Modifier les concours pour changer cet état de fait est la plus mauvaise des idées, ça conduit à une dévaluation qui ne profite à personne.
DEL
- 12/10/2012 - 00:19
Les sous!
Tout simplement aussi par ce qu'il faut beaucoup d'argent pour tenir dans ces écoles, même aux bosseurs, et ils ne sont pas toujours riches...
walküre
- 11/10/2012 - 18:46
Pourquoi ?
Parce qu'il faut bosser pour réussir. Et ce, dès l'école primaire.
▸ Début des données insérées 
definition feasible ::
  "'a set \<Rightarrow> ('a \<Rightarrow> 'a \<Rightarrow> bool) \<Rightarrow> ('a \<Rightarrow> 'a \<Rightarrow> 'a) \<Rightarrow> ('k::field \<Rightarrow> 'a \<Rightarrow> 'a) \<Rightarrow> 'a set"
  where
  "feasible X le pl sm = {x\<in>X - prim X le.
     {z\<in>X. le z x} - prim X le \<subseteq> Lset X le pl sm x}"

end

theory Submission
  imports Defs
begin

text \<open>The primitive elements form a subspace, so every L(b) is upward closed and stable under
  the affine maps z \<mapsto> \<alpha>z + p with \<alpha> \<noteq> 0 and p primitive. Hence x \<in> L(q) and q \<in> L(b)
  give x \<in> L(b). For feasible b, b \<in> L(q) forces q \<in> L(b): if \<alpha>q + p \<le> b, then \<alpha>q + p is
  non-primitive and below b, so it lies in L(b), and then so does
  q = (\<alpha>q + p)/\<alpha> - p/\<alpha>. Thus maximality of B puts every feasible element into some
  L(b) with b \<in> B, and since the feasible elements generate, so does B.\<close>

locale exp_vector_space =
  fixes X :: "'a set" and le :: "'a \<Rightarrow> 'a \<Rightarrow> bool" and pl :: "'a \<Rightarrow> 'a \<Rightarrow> 'a"
    and sm :: "'k::field \<Rightarrow> 'a \<Rightarrow> 'a" and th :: 'a
  assumes evs: "evs X le pl sm th"
begin

abbreviation "X\<^sub>0 \<equiv> prim X le"
abbreviation "L \<equiv> Lset X le pl sm"
abbreviation "Q \<equiv> feasible X le pl sm"

(* Folding the comprehension back into prim keeps the primitive-space axioms opaque to metis. *)
lemmas evs_axioms = evs[unfolded evs_def prim_def[symmetric]]

lemma ord_refl: "x \<in> X \<Longrightarrow> le x x"
  using evs_axioms by metis

lemma ord_trans: "\<lbrakk>x \<in> X; y \<in> X; z \<in> X; le x y; le y z\<rbrakk> \<Longrightarrow> le x z"
  using evs_axioms by metis

lemma pl_closed: "\<lbrakk>x \<in> X; y \<in> X\<rbrakk> \<Longrightarrow> pl x y \<in> X"
  using evs_axioms by metis

lemma sm_closed: "x \<in> X \<Longrightarrow> sm a x \<in> X"
  using evs_axioms by metis

lemma th_closed: "th \<in> X"
  using evs_axioms by metis

lemma pl_assoc: "\<lbrakk>x \<in> X; y \<in> X; z \<in> X\<rbrakk> \<Longrightarrow> pl (pl x y) z = pl x (pl y z)"
  using evs_axioms by metis

lemma pl_commute: "\<lbrakk>x \<in> X; y \<in> X\<rbrakk> \<Longrightarrow> pl x y = pl y x"
  using evs_axioms by metis

lemma pl_th: "x \<in> X \<Longrightarrow> pl x th = x"
  using evs_axioms by metis

lemma pl_mono: "\<lbrakk>x \<in> X; y \<in> X; z \<in> X; le x y\<rbrakk> \<Longrightarrow> le (pl x z) (pl y z)"
  using evs_axioms by metis

lemma sm_mono: "\<lbrakk>x \<in> X; y \<in> X; le x y\<rbrakk> \<Longrightarrow> le (sm a x) (sm a y)"
  using evs_axioms by metis

lemma sm_pl_distrib: "\<lbrakk>x \<in> X; y \<in> X\<rbrakk> \<Longrightarrow> sm a (pl x y) = pl (sm a x) (sm a y)"
  using evs_axioms by metis

lemma sm_sm: "x \<in> X \<Longrightarrow> sm a (sm b x) = sm (a * b) x"
  using evs_axioms by metis

lemma sm_one: "x \<in> X \<Longrightarrow> sm 1 x = x"
  using evs_axioms by metis

lemma sm_eq_th_iff: "x \<in> X \<Longrightarrow> sm a x = th \<longleftrightarrow> a = 0 \<or> x = th"
  using evs_axioms by metis

lemma prim_iff_pl_neg_eq_th: "x \<in> X \<Longrightarrow> x \<in> X\<^sub>0 \<longleftrightarrow> pl x (sm (-1) x) = th"
  using evs_axioms by metis

lemma prim_closed: "p \<in> X\<^sub>0 \<Longrightarrow> p \<in> X"
  unfolding prim_def by blast

lemma prim_minimal: "\<lbrakk>p \<in> X\<^sub>0; y \<in> X; le y p\<rbrakk> \<Longrightarrow> y = p"
  unfolding prim_def by blast

lemma th_prim: "th \<in> X\<^sub>0"
proof -
  have "sm (-1) th = th"
    using sm_eq_th_iff th_closed by blast
  then show ?thesis
    by (simp add: prim_iff_pl_neg_eq_th pl_th th_closed)
qed

lemma sm_prim: "p \<in> X\<^sub>0 \<Longrightarrow> sm a p \<in> X\<^sub>0"
proof -
  assume p_prim: "p \<in> X\<^sub>0"
  then have p: "p \<in> X" by (rule prim_closed)
  have "pl p (sm (-1) p) = th"
    using p p_prim prim_iff_pl_neg_eq_th by blast
  then have "sm a (pl p (sm (-1) p)) = th"
    using sm_eq_th_iff th_closed by blast
  then have "pl (sm a p) (sm (-1) (sm a p)) = th"
    using p by (simp add: sm_pl_distrib sm_closed sm_sm)
  then show ?thesis
    using p sm_closed prim_iff_pl_neg_eq_th by blast
qed

lemma pl_prim: "\<lbrakk>p \<in> X\<^sub>0; q \<in> X\<^sub>0\<rbrakk> \<Longrightarrow> pl p q \<in> X\<^sub>0"
proof -
  assume p_prim: "p \<in> X\<^sub>0" and q_prim: "q \<in> X\<^sub>0"
  then have p: "p \<in> X" and q: "q \<in> X" by (auto intro: prim_closed)
  define p' q' where "p' = sm (-1) p" and "q' = sm (-1) q"
  have p': "p' \<in> X" and q': "q' \<in> X"
    unfolding p'_def q'_def using p q by (auto intro: sm_closed)
  have "pl (pl p q) (sm (-1) (pl p q)) = pl p (pl q (pl p' q'))"
    unfolding p'_def q'_def using p q by (simp add: sm_pl_distrib pl_assoc sm_closed pl_closed)
  also have "\<dots> = pl (pl p p') (pl q q')"
    using p q p' q' by (metis pl_assoc pl_commute pl_closed)
  also have "\<dots> = th"
    unfolding p'_def q'_def using p q p_prim q_prim th_closed
    by (simp add: prim_iff_pl_neg_eq_th pl_th)
  finally show ?thesis
    using p q pl_closed prim_iff_pl_neg_eq_th by blast
qed

lemma affine_cancel:
  assumes "a \<noteq> 0" "p \<in> X\<^sub>0" "q \<in> X"
  shows "pl (sm (inverse a) (pl (sm a q) p)) (sm (- inverse a) p) = q"
proof -
  have p: "p \<in> X" using assms(2) by (rule prim_closed)
  have "sm (inverse a) (pl (sm a q) p) = pl q (sm (inverse a) p)"
    using assms p by (simp add: sm_pl_distrib sm_closed sm_sm sm_one)
  moreover have "pl (sm (inverse a) p) (sm (- inverse a) p) = th"
    using sm_prim[OF assms(2)] p prim_iff_pl_neg_eq_th sm_closed sm_sm
    by (metis mult_minus1)
  ultimately show ?thesis
    using assms p by (simp add: pl_assoc sm_closed pl_th)
qed

lemma prim_if_affine_prim:
  assumes "a \<noteq> 0" "p \<in> X\<^sub>0" "q \<in> X" "pl (sm a q) p \<in> X\<^sub>0"
  shows "q \<in> X\<^sub>0"
  using affine_cancel[OF assms(1-3)] sm_prim pl_prim assms(2,4) by metis

lemma LsetI: "\<lbrakk>z \<in> X; a \<noteq> 0; p \<in> X\<^sub>0; le (pl (sm a x) p) z\<rbrakk> \<Longrightarrow> z \<in> L x"
  unfolding Lset_def by blast

lemma LsetE:
  assumes "z \<in> L x"
  obtains a p where "z \<in> X" "a \<noteq> 0" "p \<in> X\<^sub>0" "le (pl (sm a x) p) z"
  using assms unfolding Lset_def by blast

lemma Lset_self: "x \<in> X \<Longrightarrow> x \<in> L x"
  by (rule LsetI[where a = 1 and p = th]) (simp_all add: th_prim sm_one pl_th ord_refl)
Aujourd'hui tout est gratuit pour ces gens, et ils peuvent et devraient réussir leur vie professionnelle. S'ils n'y parciennent pas, c'est de leur faute et uniquement de leur faute.
La société a bon dos et en a ras le bol des irresponsables, incapables et innocents de tous poils.
Prenez-vous en charge. Et arrêtez de tendre la sébille ou de gémir en direction de l'Etat. Soyez responsables.